What empirical research directions has Eliezer commented positively on?
I’m interested in both work that he’s commented on positively after the fact and any comments might have made on what directions are generally fruitful.
I’m interested in both work that he’s commented on positively after the fact and any comments might have made on what directions are generally fruitful.
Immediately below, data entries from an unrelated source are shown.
lemma d_mu_closed_right:
  assumes "d z = 0"
  shows "d (mu w z) = mu (d w) z"
proof -
  obtain p where "p \<in> A0 \<times> A1" and "w = fst p + snd p"
    using direct_sum[of w] by blast
  then obtain w0 w1 where w: "w0 \<in> A0" "w1 \<in> A1" "w = w0 + w1"
    by (cases p) auto
  have "d (mu w0 z) = mu (d w0) z" and "d (mu w1 z) = mu (d w1) z"
    using leibniz_even[OF w(1)] leibniz_odd[OF w(2)] assms mu_zero_right by simp_all
  then show ?thesis
    by (simp add: w(3) mu_add_left d.add)
qed

lemma d_mu_closed_even_left:
  assumes "x \<in> A0" and "d x = 0"
  shows "d (mu x w) = mu x (d w)"
  using leibniz_even[OF assms(1)] assms(2) mu_zero_left by simp

lemma v_zero: "v 0 = \<infinity>"
  using v_inf_iff by simp

lemma sm_nov_zero: "sm nov_zero x = 0"
  using sm_add_left[of nov_zero nov_zero x]
  by (simp add: nov_zero_eq_const nov_add_const novikov_nov_const)

lemma sm_minus_one: "sm (nov_const (- 1)) x = - x"
proof -
  have "x + sm (nov_const (- 1)) x = 0"
    using sm_add_left[of "nov_const 1" "nov_const (- 1)" x] sm_one sm_nov_zero
    by (simp add: nov_one_eq_const nov_zero_eq_const nov_add_const novikov_nov_const)
  then show ?thesis
    by (simp add: add_eq_0_iff)
qed

lemma v_uminus: "v (- x) = v x"
  using v_sm[of "nov_const (- 1)" x] sm_minus_one
  by (simp add: novikov_nov_const nov_val_const)

lemma v_minus_commute: "v (x - y) = v (y - x)"
  using v_uminus[of "x - y"] by simp

lemma v_sum_ge:
  assumes "\<And>i. i \<in> I \<Longrightarrow> e \<le> v (f i)"
  shows "e \<le> v (sum f I)"
  using assms
proof (induction I rule: infinite_finite_induct)
  case (insert i I)
  then have "e \<le> min (v (f i)) (v (sum f I))"
    by simp
  also have "\<dots> \<le> v (f i + sum f I)"
    by (rule v_add)
  finally show ?case
    using insert.hyps by simp
qed (simp_all add: v_zero)

lemma v_add_tendsto_PInfty:
  assumes "((\<lambda>n. v (f n)) \<longlongrightarrow> \<infinity>) F" and "((\<lambda>n. v (g n)) \<longlongrightarrow> \<infinity>) F"
  shows "((\<lambda>n. v (f n + g n)) \<longlongrightarrow> \<infinity>) F"
  unfolding tendsto_PInfty
proof
  fix r
  have "eventually (\<lambda>n. ereal r < v (f n) \<and> ereal r < v (g n)) F"
    using assms by (simp add: tendsto_PInfty eventually_conj)
  then show "eventually (\<lambda>n. ereal r < v (f n + g n)) F"
  proof eventually_elim
    case (elim n)
    then have "ereal r < min (v (f n)) (v (g n))"
      by simp
    also have "\<dots> \<le> v (f n + g n)"
      by (rule v_add)
    finally show ?case .
  qed
qed

lemma v_d_tendsto_PInfty:
  assumes "((\<lambda>n. v (f n)) \<longlongrightarrow> \<infinity>) F"
  shows "((\<lambda>n. v (d (f n))) \<longlongrightarrow> \<infinity>) F"
  by (rule tendsto_sandwich[OF _ _ assms tendsto_const]) (simp_all add: v_d)

lemma series_converges:
  assumes "(\<lambda>n. v (u n)) \<longlonglongrightarrow> \<infinity>"
  shows "\<exists>L. (\<lambda>N. v ((\<Sum>n<N. u n) - L)) \<longlonglongrightarrow> \<infinity>"
proof -
  define S where "S N = (\<Sum>n<N. u n)" for N
  have "\<exists>N. \<forall>m\<ge>N. \<forall>n\<ge>N. ereal B \<le> v (S m - S n)" for B
  proof -
    obtain N where N: "\<And>n. n \<ge> N \<Longrightarrow> ereal B \<le> v (u n)"
      using assms by (auto simp: Lim_PInfty)
    have "ereal B \<le> v (S m - S n)" if "N \<le> n" "n \<le> m" for m n
    proof -
      have "S m - S n = sum u {n..<m}"
        using sum_diff_nat_ivl[of 0 n m u] that by (simp add: S_def atLeast0LessThan)
      then show ?thesis
        using N that by (auto intro: v_sum_ge)
    qed
    then have "ereal B \<le> v (S m - S n)" if "N \<le> n" "N \<le> m" for m n
      using that v_minus_commute by (metis nle_le)
    then show ?thesis
      by blast
  qed
  then show ?thesis
    using complete[of S] by (simp add: S_def Lim_PInfty)
qed
text \<open>A strategy on the arena is also a strategy on the escape arena, and a strategy on the
escape arena becomes one on the arena once escape moves are replaced by arbitrary moves. The
infinite plays of the two games correspond, and since the bound is a finite profile they are won
by the same player; so only plays ending in bottom need an argument. A winning escape strategy of
player 0 never escapes at a reachable vertex: otherwise player 1 could steer the play along an
acyclic path into bottom, whose value is at most the bound. If player 1 wins the parity game, a
repeated vertex on a play into bottom closes a cycle that, repeated forever, yields a play he
wins; so the largest colour on the cycle is odd and cutting the cycle out increases the value.
Removing cycles one by one bounds the value of the play by that of an acyclic one, hence by the
bound.\<close>

lemma fin_path_Cons:
  "fin_path R (x # xs) \<longleftrightarrow> xs = [] \<or> (x, hd xs) \<in> R \<and> fin_path R xs"
  unfolding fin_path_def
  by (cases xs) (auto simp: nth_Cons' less_Suc_eq_0_disj)

lemma fin_path_append:
  assumes "xs \<noteq> []" "ys \<noteq> []"
  shows "fin_path R (xs @ ys) \<longleftrightarrow> fin_path R xs \<and> fin_path R ys \<and> (last xs, hd ys) \<in> R"
  using assms(1)
proof (induction xs)
  case (Cons x xs)
  then show ?case using assms(2) by (cases "xs = []") (auto simp: fin_path_Cons)
qed simp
Self-Other Overlap: https://www.lesswrong.com/posts/hzt9gHpNwA2oHtwKX/self-other-overlap-a-neglected-approach-to-ai-alignment?commentId=WapHz3gokGBd3KHKm
Emergent Misalignment: https://x.com/ESYudkowsky/status/1894453376215388644
He was throwing vaguely positive comments about Chris Olah, but I think always/usually caveating it with “capabilities go like this [big slope], Chris Olah’s interpretability goes like this [small slope]” (e.g., on Lex Fridman podcast and IIRC some other podcast(s)).
ETA:
SolidGoldMagikarp: https://www.lesswrong.com/posts/aPeJE8bSo6rAFoLqg/solidgoldmagikarp-plus-prompt-generation#Jj5yN2YTp5AphJaEd
He also said that Collin Burns’s DLK was a “highly dignified work”. Ctrl+f “dignified” here though it doesn’t link to the tweet (?) but should be findable/verifiable.